I have recently been alerted to what many people term “peak oil.” I don’t know how to characterize my feelings regarding this subject. Obsession might be a good term. I feel that I need to prepare. What do you think? Is “peak oil” another Y2K?
Who cares if it’s another Y2K? Prepare away, my friend. You have nothing to lose and everything to gain.
Peak oil is a concept originally developed by a geophysicist, Dr. M. King Hubbert, which is why it is sometimes called Hubbert’s Peak. Hubbert geophysicked his way through oodles of data and concluded that oil production would follow a bell-shaped curve. The peak of the curve would represent the highest production, and the curve’s downslope would represent the increasing difficulty of extracting usable oil from the field. On the downslope, oil costs rise, and eventually the difficulty of extraction is not worth the financial returns — id est, we basically run out of oil.

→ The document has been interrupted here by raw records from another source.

text \<open>For an edge \<open>{p, q}\<close> of the path, going back from \<open>p\<close> along the path, then along the
  walk and back to \<open>q\<close> along the path gives a \<open>p\<close>--\<open>q\<close> walk, which must use \<open>{p, q}\<close>.\<close>
lemma acyclic_path_edges_subset:
  assumes acyclic: "\<not> has_cycle E" and P: "distinct P" "is_walk E P"
    and W: "is_walk E W" "hd W = hd P" "last W = last P"
  shows "walk_edges P \<subseteq> walk_edges W"
proof
  fix e assume "e \<in> walk_edges P"
  then obtain A p q B where P_split: "P = A @ p # q # B" and e: "e = {p, q}"
    using walk_edges_decomp by blast
  let ?front = "A @ [p]" and ?back = "q # B"
  have front_back: "walk_edges P = walk_edges ?front \<union> walk_edges (p # ?back)"
    unfolding P_split by (rule walk_edges_append_Cons)
  have "p \<noteq> q" "q \<notin> set ?front" "p \<notin> set ?back" using P(1) P_split by auto
  then have pq_off: "{p, q} \<notin> walk_edges ?front" "{p, q} \<notin> walk_edges ?back"
    using walk_edges_subset_set by blast+
  define C where "C = (rev ?front @ tl W) @ tl (rev ?back)"
  have walks: "is_walk E (rev ?front)" "is_walk E (rev ?back)" "{p, q} \<in> E"
    unfolding is_walk_rev using P(2) front_back by (auto simp: is_walk_iff_walk_edges)
  have W_ne: "W \<noteq> []" using W(1) by (simp add: is_walk_def)
  have ends: "last (rev ?front) = hd W" "last (rev ?front @ tl W) = hd (rev ?back)"
    using W P_split last_append_tl[OF W_ne, of "rev ?front"] by (simp_all add: last_rev hd_rev)
  have "is_walk E C" unfolding C_def by (intro is_walk_append_tl walks W(1) ends)
  moreover have "hd C = p" "last C = q"
    unfolding C_def by (simp, subst last_append_tl[OF _ ends(2)]) auto
  ultimately have "{p, q} \<in> walk_edges C"
    using acyclic_walk_uses_edge[OF acyclic] walks \<open>p \<noteq> q\<close> by blast
  moreover have "walk_edges C = walk_edges ?front \<union> walk_edges W \<union> walk_edges ?back"
  proof -
    have "walk_edges C = walk_edges (rev ?front @ tl W) \<union> walk_edges (rev ?back)"
      unfolding C_def by (rule walk_edges_append_tl[OF _ _ ends(2)]) simp_all
    also have "walk_edges (rev ?front @ tl W) = walk_edges (rev ?front) \<union> walk_edges W"
      by (rule walk_edges_append_tl[OF _ W_ne ends(1)]) simp
    finally show ?thesis by (simp only: walk_edges_rev)
  qed
  ultimately show "e \<in> walk_edges W" using pq_off e by blast
qed

lemma gdist_attained:
  assumes "is_walk E xs" "hd xs = u" "last xs = v"
  shows "\<exists>W. is_walk E W \<and> hd W = u \<and> last W = v \<and> length W = Suc (gdist E u v)"
proof -
  have "\<exists>W. is_walk E W \<and> hd W = u \<and> last W = v \<and> length W = Suc (length xs - 1)"
    using assms by (auto simp: is_walk_def)
  then show ?thesis unfolding gdist_def by (rule LeastI)
qed

lemma gdist_le_walk:
  assumes "is_walk E xs" "hd xs = u" "last xs = v"
  shows "gdist E u v \<le> length xs - 1"
  unfolding gdist_def by (rule Least_le) (use assms in \<open>auto simp: is_walk_def\<close>)

lemma acyclic_path_length_le_gdist:
  assumes "\<not> has_cycle E" "distinct P" "is_walk E P"
  shows "length P - 1 \<le> gdist E (hd P) (last P)"
proof -
  obtain W where W: "is_walk E W" "hd W = hd P" "last W = last P"
    "length W = Suc (gdist E (hd P) (last P))"
    using gdist_attained assms(3) by blast
  have "length P - 1 = card (walk_edges P)" using card_walk_edges_distinct assms(2) by simp
  also have "\<dots> \<le> card (walk_edges W)"
    using acyclic_path_edges_subset[OF assms W(1-3)] by (simp add: card_mono finite_walk_edges)
  also have "\<dots> \<le> length W - 1" by (rule card_walk_edges_le)
  finally show ?thesis using W(4) by simp
qed

lemma gdist_le_tree_diam:
  assumes "finite V" "u \<in> V" "v \<in> V"
  shows "gdist E u v \<le> tree_diam V E"
proof -
  have "{gdist E u v | u v. u \<in> V \<and> v \<in> V} = (\<lambda>(u, v). gdist E u v) ` (V \<times> V)" by auto
  then show ?thesis unfolding tree_diam_def using assms by (intro Max_ge) auto
qed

Those of you who are not yet obsessed can get more information about the current debate on peak oil from — well, why not start in our very own Gristmill? The debate there consists of all manner of claims, like “Hubbert was right about oil reserves in the U.S., so that proves a global peak exists!”; “Hubbert didn’t account for technological advances!”; “We have already started down the global curve, so get ready for global markets to collapse!”; “We’re not going to run out of oil, I’ve discovered reserves in my armpit!” and so on, with a few useful resources thrown in for good measure. You might also read Grist’s interview with peak-oil author Matthew Simmons, a former Bush-Cheney energy-policy adviser who is quite sold on the notion, and read up on biofuels in Grist’s special series that starts today.

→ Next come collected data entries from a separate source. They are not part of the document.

lemma cofactor_rows_in_kernel:
  fixes A :: "real^3^3"
  assumes "det A = 0"
  shows "A *v (A$2 \<times> A$3) = 0" "A *v (A$3 \<times> A$1) = 0" "A *v (A$1 \<times> A$2) = 0"
proof -
  have "A$1 \<bullet> (A$2 \<times> A$3) = det A" "A$2 \<bullet> (A$3 \<times> A$1) = det A" "A$3 \<bullet> (A$1 \<times> A$2) = det A"
    by (simp_all add: det_eq_inner_cross cross3_def inner_vec_def sum_3 algebra_simps)
  then show "A *v (A$2 \<times> A$3) = 0" "A *v (A$3 \<times> A$1) = 0" "A *v (A$1 \<times> A$2) = 0"
    using assms
    by (simp_all add: vec_eq_iff forall_3 matrix_vector_mult_component dot_cross_self inner_commute)
qed

lemma kernel_parallel_cross_rows:
  fixes A :: "real^3^3"
  assumes "A *v y = 0"
  shows "y \<times> (A$i \<times> A$j) = 0"
proof -
  have "y \<bullet> A$i = 0" "y \<bullet> A$j = 0"
    using assms by (simp_all add: vec_eq_iff matrix_vector_mult_component inner_commute)
  then show ?thesis
    by (simp add: Lagrange)
qed

lemma cofactor_pairing_eq_0:
  fixes A B :: "real^3^3"
  assumes "det (A + B) = 0" "det (A - B) = 0" "det B = 0"
  shows "(A$2 \<times> A$3) \<bullet> B$1 + (A$3 \<times> A$1) \<bullet> B$2 + (A$1 \<times> A$2) \<bullet> B$3 = 0"
proof -
  have "det (A + B) - det (A - B)
    = 2 * ((A$2 \<times> A$3) \<bullet> B$1 + (A$3 \<times> A$1) \<bullet> B$2 + (A$1 \<times> A$2) \<bullet> B$3) + 2 * det B"
    by (simp add: det_3 cross3_def inner_vec_def sum_3 algebra_simps)
  then show ?thesis
    using assms by simp
qed

text \<open>For a singular \<open>A\<close> of rank two the adjugate is a multiple of \<open>k l\<^sup>T\<close>, where \<open>k\<close> spans the
  kernel and \<open>l\<close> the left kernel; hence the derivative \<open>tr (adj A B)\<close> of \<open>det\<close> at \<open>A\<close> is a
  multiple of \<open>l \<bullet> (B k)\<close>.\<close>
lemma corank_one_kernels:
  fixes A :: "real^3^3"
  assumes dA: "det A = 0" and "\<not> collinear_rows A"
  obtains k l where "k \<noteq> 0" "l \<noteq> 0" "l v* A = 0" "\<And>y. A *v y = 0 \<Longrightarrow> y \<times> k = 0"
    "\<And>B. det (A + B) = 0 \<Longrightarrow> det (A - B) = 0 \<Longrightarrow> det B = 0 \<Longrightarrow> l \<bullet> (B *v k) = 0"
proof -
  define c1 where "c1 = A$2 \<times> A$3"
  define c2 where "c2 = A$3 \<times> A$1"
  define c3 where "c3 = A$1 \<times> A$2"
  obtain k where k: "k \<in> {c1, c2, c3}" "k \<noteq> 0"
    using assms(2) unfolding collinear_rows_iff_cofactors c1_def c2_def c3_def by blast
  have kernel: "y \<times> k = 0" if "A *v y = 0" for y
    using k(1) kernel_parallel_cross_rows[OF that] unfolding c1_def c2_def c3_def by blast
  have parallel: "ci = ((ci \<bullet> k) / (k \<bullet> k)) *\<^sub>R k" if "ci \<in> {c1, c2, c3}" for ci
    using that cross_eq_0_imp_scaleR[OF kernel k(2)] cofactor_rows_in_kernel[OF dA]
    unfolding c1_def c2_def c3_def by blast
  define l :: "real^3" where "l = vector [c1 \<bullet> k, c2 \<bullet> k, c3 \<bullet> k]"
  have "l \<noteq> 0"
  proof
    assume "l = 0"
    then have "c1 \<bullet> k = 0" "c2 \<bullet> k = 0" "c3 \<bullet> k = 0"
      unfolding l_def by (simp_all add: vec_eq_iff forall_3)
    then show False
      using k by auto
  qed
  moreover have "l v* A = 0"
    using cofactor_expansion[of A k] dA
    by (simp add: l_def c1_def c2_def c3_def vector_matrix_mult_def vec_eq_iff sum_3 algebra_simps)
  moreover have "l \<bullet> (B *v k) = 0"
    if "det (A + B) = 0" "det (A - B) = 0" "det B = 0" for B
  proof -
    have "c1 \<bullet> B$1 + c2 \<bullet> B$2 + c3 \<bullet> B$3 = 0"
      using cofactor_pairing_eq_0[OF that] unfolding c1_def c2_def c3_def .
    then have "((c1 \<bullet> k) * (k \<bullet> B$1) + (c2 \<bullet> k) * (k \<bullet> B$2) + (c3 \<bullet> k) * (k \<bullet> B$3)) / (k \<bullet> k) = 0"
      by (subst (asm) (1 2 3) parallel) (simp_all add: add_divide_distrib)
    moreover have "l \<bullet> (B *v k)
        = (c1 \<bullet> k) * (k \<bullet> B$1) + (c2 \<bullet> k) * (k \<bullet> B$2) + (c3 \<bullet> k) * (k \<bullet> B$3)"
      by (simp add: l_def inner_vec_def sum_3 matrix_vector_mult_component mult_ac)
    ultimately show ?thesis
      using k(2) by simp
  qed
  ultimately show thesis
    using that k(2) kernel by blast
qed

I think to have a worthy, scientist-type opinion about peak oil, one needs to do quite a bit of reading about global oil supply, global oil politics, geophysics, and the like. I just can’t summon the passion you feel and do all that reading, because my obsession cancels out your obsession. My obsession, of course, is global climate change.

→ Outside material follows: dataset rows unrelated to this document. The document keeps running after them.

lemma ito_int_cong_AE:
  assumes "complete_measure M" and "AE \<omega> in M. \<forall>s\<in>{0..T}. Z1 \<omega> s = Z2 \<omega> s"
  shows "ito_int M T W Z1 a b = ito_int M T W Z2 a b"
proof -
  have "conv_in_prob_zero_enn M
          (\<lambda>k \<omega>. \<integral>\<^sup>+ s\<in>{0..T}. ennreal ((simple_proc (ts k) (\<xi> k) (ns k) \<omega> s - Z1 \<omega> s)\<^sup>2) \<partial>lborel)
      = conv_in_prob_zero_enn M
          (\<lambda>k \<omega>. \<integral>\<^sup>+ s\<in>{0..T}. ennreal ((simple_proc (ts k) (\<xi> k) (ns k) \<omega> s - Z2 \<omega> s)\<^sup>2) \<partial>lborel)"
    for ts \<xi> ns
    using assms(2)
    by (intro conv_in_prob_zero_enn_cong_AE[OF assms(1)])
      (auto elim!: AE_mp intro!: nn_integral_cong split: split_indicator)
  then show ?thesis unfolding ito_int_def by simp
qed

lemma PnL_eq_AE:
  assumes "complete_measure M" and "AE \<omega> in M. \<forall>s\<in>{0..T}. Zf \<omega> s (Y \<omega> s) = Z \<omega> s"
  shows "AE \<omega> in M. PnL M T W g Zf HM Pi0HM Y \<omega>
           = HM \<omega> - Pi0HM \<omega> - (\<integral>s\<in>{0..T}. g \<omega> s (Z \<omega> s) \<partial>lborel) + ito_int M T W Z 0 T \<omega>"
  using assms(2)
proof eventually_elim
  case (elim \<omega>)
  have "(\<integral>s\<in>{0..T}. g \<omega> s (Zf \<omega> s (Y \<omega> s)) \<partial>lborel) = (\<integral>s\<in>{0..T}. g \<omega> s (Z \<omega> s) \<partial>lborel)"
    using elim by (intro set_lebesgue_integral_cong) auto
  moreover have "ito_int M T W (\<lambda>\<omega>' s. Zf \<omega>' s (Y \<omega>' s)) 0 T = ito_int M T W Z 0 T"
    by (rule ito_int_cong_AE[OF assms])
  ultimately show ?case unfolding PnL_def by simp
qed

lemma stop_time_const:
  assumes "c \<in> {0..T}"
  shows "stop_time M T W (\<lambda>_. c)"
  unfolding stop_time_def filt_def
proof (intro conjI ballI)
  fix t
  show "{\<omega>\<in>space M. c \<le> t} \<in> (\<Inter>u\<in>{t<..}. sigma_sets (space M)
      ((\<Union>s\<in>{0..min u T}. {W s -` B \<inter> space M | B. B \<in> sets (borel :: real measure)})
        \<union> null_sets M))"
    by (cases "c \<le> t") (auto intro: sigma_sets_top sigma_sets.Empty)
qed (use assms in auto)

theorem theorem1:
  fixes M :: "'a measure" and T :: real and W :: "real \<Rightarrow> 'a \<Rightarrow> real"
    and D :: "('a \<Rightarrow> real) \<Rightarrow> ('a \<Rightarrow> real) set"
    and Pr :: "('a \<Rightarrow> real) \<Rightarrow> ('a \<Rightarrow> real) \<Rightarrow> 'a \<Rightarrow> real"
    and S HM HL :: "'a \<Rightarrow> real"
    and g :: "'a \<Rightarrow> real \<Rightarrow> real \<Rightarrow> real"
    and Zp :: "('a \<Rightarrow> real) \<Rightarrow> 'a \<Rightarrow> real \<Rightarrow> real"
    and Zf Zm :: "'a \<Rightarrow> real \<Rightarrow> real \<Rightarrow> real"
  assumes prob: "prob_space M" and complete: "complete_measure M"
    and Tpos: "T > 0"
    and BM: "standard_BM M T W"
    \<comment> \<open>the spaces D_tau: linear spaces of F_tau-measurable random variables\<close>
    and D_meas: "\<And>\<tau> X. stop_time M T W \<tau> \<Longrightarrow> X \<in> D \<tau> \<Longrightarrow> X \<in> borel_measurable (filt_at M T W \<tau>)"
    and D_zero: "\<And>\<tau>. stop_time M T W \<tau> \<Longrightarrow> (\<lambda>_. 0) \<in> D \<tau>"
    and D_add: "\<And>\<tau> X Y. stop_time M T W \<tau> \<Longrightarrow> X \<in> D \<tau> \<Longrightarrow> Y \<in> D \<tau> \<Longrightarrow> (\<lambda>\<omega>. X \<omega> + Y \<omega>) \<in> D \<tau>"
    and D_scale: "\<And>\<tau> X c. stop_time M T W \<tau> \<Longrightarrow> X \<in> D \<tau> \<Longrightarrow> (\<lambda>\<omega>. c * X \<omega>) \<in> D \<tau>"
    \<comment> \<open>Pi_tau maps D_T into D_tau\<close>
    and Pi_into: "\<And>\<tau> X. stop_time M T W \<tau> \<Longrightarrow> X \<in> D (\<lambda>_. T) \<Longrightarrow> Pr \<tau> X \<in> D \<tau>"
    \<comment> \<open>(i)\<close>
    and Pi_zero: "\<And>\<tau>. stop_time M T W \<tau> \<Longrightarrow> AE \<omega> in M. Pr \<tau> (\<lambda>_. 0) \<omega> = 0"
    \<comment> \<open>(ii)\<close>
    and Pi_cash: "\<And>\<tau> X Y. stop_time M T W \<tau> \<Longrightarrow> X \<in> D (\<lambda>_. T) \<Longrightarrow> Y \<in> D (\<lambda>_. T) \<Longrightarrow> Y \<in> D \<tau> \<Longrightarrow>
        AE \<omega> in M. Pr \<tau> (\<lambda>\<omega>'. X \<omega>' + Y \<omega>') \<omega> = Pr \<tau> X \<omega> + Y \<omega>"
    \<comment> \<open>(iii)\<close>
    and Pi_qconc: "\<And>\<tau> X Y lam. stop_time M T W \<tau> \<Longrightarrow> X \<in> D (\<lambda>_. T) \<Longrightarrow> Y \<in> D (\<lambda>_. T) \<Longrightarrow>
        (AE \<omega> in M. Pr \<tau> X \<omega> \<ge> 0) \<Longrightarrow> (AE \<omega> in M. Pr \<tau> Y \<omega> \<ge> 0) \<Longrightarrow> lam \<in> {0..1} \<Longrightarrow>
        AE \<omega> in M. Pr \<tau> (\<lambda>\<omega>'. lam * X \<omega>' + (1 - lam) * Y \<omega>') \<omega> \<ge> 0"
    \<comment> \<open>(iv)\<close>
    and Pi_tc: "\<And>\<tau> \<sigma> X Y. stop_time M T W \<tau> \<Longrightarrow> stop_time M T W \<sigma> \<Longrightarrow>
        (\<forall>\<omega>\<in>space M. \<tau> \<omega> \<le> \<sigma> \<omega>) \<Longrightarrow> X \<in> D (\<lambda>_. T) \<Longrightarrow> Y \<in> D (\<lambda>_. T) \<Longrightarrow>
        (AE \<omega> in M. Pr \<sigma> X \<omega> \<ge> Pr \<sigma> Y \<omega>) \<Longrightarrow> AE \<omega> in M. Pr \<tau> X \<omega> \<ge> Pr \<tau> Y \<omega>"
    and S_D: "S \<in> D (\<lambda>_. T)" and HM_D: "HM \<in> D (\<lambda>_. T)" and HL_D: "HL \<in> D (\<lambda>_. T)"
    \<comment> \<open>Condition 1\<close>
    and g_meas: "prog_borel_meas M T W g"
    and g_convex: "\<And>\<omega> t. convex_on UNIV (g \<omega> t)"
    and g_zero: "\<And>\<omega> t. g \<omega> t 0 = 0"
    and sup_D: "\<And>X. X \<in> D (\<lambda>_. T) \<Longrightarrow> (\<lambda>\<omega>. SUP t\<in>{0..T}. \<bar>Pr (\<lambda>_. t) X \<omega>\<bar>) \<in> D (\<lambda>_. T)"
    and Zp_prog: "\<And>X. X \<in> D (\<lambda>_. T) \<Longrightarrow> progressive M T W (Zp X)"
    and Zp_sq: "\<And>X. X \<in> D (\<lambda>_. T) \<Longrightarrow>
        (\<integral>\<^sup>+ \<omega>. (\<integral>\<^sup>+ s\<in>{0..T}. ennreal ((Zp X \<omega> s)\<^sup>2) \<partial>lborel) \<partial>M) < \<infinity>"
    and Zp_gint: "\<And>X. X \<in> D (\<lambda>_. T) \<Longrightarrow>
        AE \<omega> in M. set_integrable lborel {0..T} (\<lambda>s. g \<omega> s (Zp X \<omega> s))"
    and BSDE: "\<And>X t. X \<in> D (\<lambda>_. T) \<Longrightarrow> t \<in> {0..T} \<Longrightarrow>
        AE \<omega> in M. X \<omega> = Pr (\<lambda>_. t) X \<omega> + (\<integral>s\<in>{t..T}. g \<omega> s (Zp X \<omega> s) \<partial>lborel)
                          - ito_int M T W (Zp X) t T \<omega>"
    \<comment> \<open>Condition 2 (Z^y = Zp (HM - y S))\<close>
    and cond2: "\<exists>\<Omega>0\<in>sets M. prob_space.prob M \<Omega>0 = 1 \<and> prog_borel_meas M T W Zf \<and>
        (\<forall>\<omega>\<in>\<Omega>0. \<forall>t\<in>{0..T}. \<forall>y. Zf \<omega> t y = Zp (\<lambda>\<omega>'. HM \<omega>' - y * S \<omega>') \<omega> t)"
    \<comment> \<open>Condition 3\<close>
    and cond3: "\<exists>\<Omega>0\<in>sets M. prob_space.prob M \<Omega>0 = 1 \<and> prog_borel_meas M T W Zm \<and>
        (\<forall>\<omega>\<in>\<Omega>0. \<forall>t\<in>{0..T}. \<forall>z. Zf \<omega> t (Zm \<omega> t z) = z)"
  shows "AE \<omega> in M.
     - HL \<omega> = Pr (\<lambda>_. 0) HM \<omega> - Pr (\<lambda>_. 0) (\<lambda>\<omega>'. HM \<omega>' + HL \<omega>') \<omega>
       + PnL M T W g Zf HM (Pr (\<lambda>_. 0) HM)
           (\<lambda>\<omega>' t. Zm \<omega>' t (Zp (\<lambda>\<omega>''. HM \<omega>'' + HL \<omega>'') \<omega>' t)) \<omega>"
proof -
  interpret P: prob_space M by (rule prob)
  define X where "X = (\<lambda>\<omega>'. HM \<omega>' + HL \<omega>')"
  have T_in: "T \<in> {0..T}" and zero_in: "0 \<in> {0..T}" using Tpos by auto
  have XD: "X \<in> D (\<lambda>_. T)"
    unfolding X_def by (rule D_add[OF stop_time_const[OF T_in] HM_D HL_D])
  have "AE \<omega> in M. \<forall>t\<in>{0..T}. \<forall>z. Zf \<omega> t (Zm \<omega> t z) = z"
    using cond3 by (auto dest!: P.AE_prob_1 elim: AE_mp)
  then have "AE \<omega> in M. \<forall>s\<in>{0..T}. Zf \<omega> s (Zm \<omega> s (Zp X \<omega> s)) = Zp X \<omega> s"
    by eventually_elim blast
  then have "AE \<omega> in M. PnL M T W g Zf HM (Pr (\<lambda>_. 0) HM) (\<lambda>\<omega>' t. Zm \<omega>' t (Zp X \<omega>' t)) \<omega>
      = HM \<omega> - Pr (\<lambda>_. 0) HM \<omega> - (\<integral>s\<in>{0..T}. g \<omega> s (Zp X \<omega> s) \<partial>lborel)
        + ito_int M T W (Zp X) 0 T \<omega>"
    by (rule PnL_eq_AE[OF complete])
  with BSDE[OF XD zero_in] show ?thesis
    unfolding X_def by eventually_elim simp
qed

end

Our obsessions are related. I grant you, the action plans for them might differ a tad. For example, if you are mainly concerned about peak oil, switching to coal power is a choice you could make. You also might be more concerned about your oil-related market investments. If you are expecting petroleum to skyrocket in price sooner than your climate will irrevocably morph, your survivalist blueprints will reflect that bias.
But I’d like to argue that you should go ahead and prepare for peak oil’s imminence, in whatever ways you can. I’ll just have to imagine what you already have in mind, but let’s say it includes de-emphasizing your car; reworking your home heating, cooling, kitchen, and electrical systems; divesting of oil-related stocks; getting your home garden up to speed; building up food networks in your local community — things like that. None of these actions would harm you in any way should oil not skyrocket in price, and, save for using coal, all would certainly benefit the global climate.
If your obsession were slightly different — let’s say you thought cats were the answer to our fuel problems — I would do more thorough research for you and dissuade you. But this obsession seems a good one — so go for it, spread the word, and we’ll all be happy to come to you when you turn out to be right and ready.